text \<open>An element (0, w) is a sum of brackets of generators, one per edge, so a homomorphism maps it
  into the centre component.\<close>
lemma nla_hom_central:
  fixes f :: "('a, 'k::field) nla \<Rightarrow> ('b, 'k) nla"
  assumes f: "nla_hom S E S' E' f" and sg: "simple_graph S E"
    and w: "(\<lambda>_. 0, w) \<in> nla_carrier S E"
  shows "fst (f (\<lambda>_. 0, w)) = (\<lambda>_. 0)"
proof -
  have single: "fst (f (\<lambda>_. 0, restrict_to_edges w {e})) = (\<lambda>_. 0)" if e: "e \<in> E" for e
  proof -
    obtain a b where ab: "a \<in> S" "b \<in> S" "a \<noteq> b" and e_ab: "e = {a, b}"
      using sg e unfolding simple_graph_def by blast
    have gens: "(basis_vec a, \<lambda>_. 0) \<in> nla_carrier S E" "(basis_vec b, \<lambda>_. 0) \<in> nla_carrier S E"
      using ab by (simp_all add: generator_in_nla_carrier basis_vec_supported_on)
    have "w (b, a) = - w (a, b)" using nla_carrierD(2)[OF w, of b a] by simp
    then have "(\<lambda>_. 0, restrict_to_edges w {e}) =
        nla_smul (w (a, b)) (nla_bracket E (basis_vec a, \<lambda>_. 0) (basis_vec b, \<lambda>_. 0))"
      unfolding e_ab by (rule restrict_to_single_edge_eq_bracket[OF _ ab(3) e[unfolded e_ab]])
    then have "f (\<lambda>_. 0, restrict_to_edges w {e}) =
        nla_smul (w (a, b)) (nla_bracket E' (f (basis_vec a, \<lambda>_. 0)) (f (basis_vec b, \<lambda>_. 0)))"
      by (simp add: nla_homD(3)[OF f nla_carrier_bracket] nla_homD(4)[OF f gens])
    then show ?thesis by (simp add: nla_smul_def nla_bracket_def)
  qed
  have partial: "fst (f (\<lambda>_. 0, restrict_to_edges w F)) = (\<lambda>_. 0)" if "F \<subseteq> E" for F
    using finite_subset[OF that simple_graph_finite_edges[OF sg]] that
  proof (induction F rule: finite_induct)
    case empty
    then show ?case using nla_hom_zero[OF f] by (simp add: restrict_to_edges_def)
  next
    case (insert e F)
    have "(\<lambda>_. 0, restrict_to_edges w (insert e F)) =
        nla_add (\<lambda>_. 0, restrict_to_edges w F) (\<lambda>_. 0, restrict_to_edges w {e})"
      using insert.hyps(2) by (auto simp: nla_add_def restrict_to_edges_def fun_eq_iff)
    then show ?case
      using nla_homD(2)[OF f restrict_to_edges_in_nla_carrier[OF w] restrict_to_edges_in_nla_carrier[OF w]]
        insert single by (simp add: nla_add_def)
  qed
  have "restrict_to_edges w E = w"
  proof
    fix p :: "'a \<times> 'a"
    obtain x y where p: "p = (x, y)" by (cases p)
    show "restrict_to_edges w E p = w p"
      using nla_carrierD(3)[OF w, of x y] unfolding p by (simp add: restrict_to_edges_def)
  qed
  then show ?thesis using partial[OF order_refl] by simp
qed

definition zero_outside :: "'x set \<Rightarrow> ('x \<Rightarrow> 'k::zero) \<Rightarrow> 'x \<Rightarrow> 'k" where
  "zero_outside S u = (\<lambda>x. if x \<in> S then u x else 0)"

lemma zero_outside_in_nla_carrier: "(zero_outside S u, \<lambda>_. 0) \<in> nla_carrier S E"
  by (simp add: generator_in_nla_carrier zero_outside_def supported_on_def)

lemma zero_outside_id: "u \<in> supported_on S \<Longrightarrow> zero_outside S u = u"
  by (auto simp: zero_outside_def supported_on_def fun_eq_iff)

text \<open>The map induced on V \<cong> n(S,E)/[n,n]. Arguments are first cut down to S, so that the map is
  linear on all functions and not only on V.\<close>
definition generator_map :: "'a set \<Rightarrow> (('a, 'k::field) nla \<Rightarrow> ('b, 'k) nla) \<Rightarrow> ('a \<Rightarrow> 'k) \<Rightarrow> 'b \<Rightarrow> 'k" where
  "generator_map S f u = fst (f (zero_outside S u, \<lambda>_. 0))"

lemma flinear_generator_map:
  fixes f :: "('a, 'k::field) nla \<Rightarrow> ('b, 'k) nla"
  assumes f: "nla_hom S E S' E' f"
  shows "flinear (generator_map S f)"
proof (rule flinearI)
  fix u v :: "'a \<Rightarrow> 'k"
  have split: "(zero_outside S (u + v), \<lambda>_. 0) =
      nla_add (zero_outside S u, \<lambda>_. 0) (zero_outside S v, \<lambda>_. 0)"
    by (simp add: nla_add_def zero_outside_def fun_eq_iff)
  show "generator_map S f (u + v) = generator_map S f u + generator_map S f v"
    unfolding generator_map_def split nla_homD(2)[OF f zero_outside_in_nla_carrier zero_outside_in_nla_carrier]
    by (simp add: nla_add_def plus_fun_def)
next
  fix c and u :: "'a \<Rightarrow> 'k"
  have split: "(zero_outside S (fscale c u), \<lambda>_. 0) = nla_smul c (zero_outside S u, \<lambda>_. 0)"
    by (simp add: nla_smul_def zero_outside_def fun_eq_iff)
  show "generator_map S f (fscale c u) = fscale c (generator_map S f u)"
    unfolding generator_map_def split nla_homD(3)[OF f zero_outside_in_nla_carrier]
    by (simp add: nla_smul_def fscale_def)
qed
---
How many of the lines above hold the word "open"? Give only that number.

### RESULT OF THE EXERCISE
2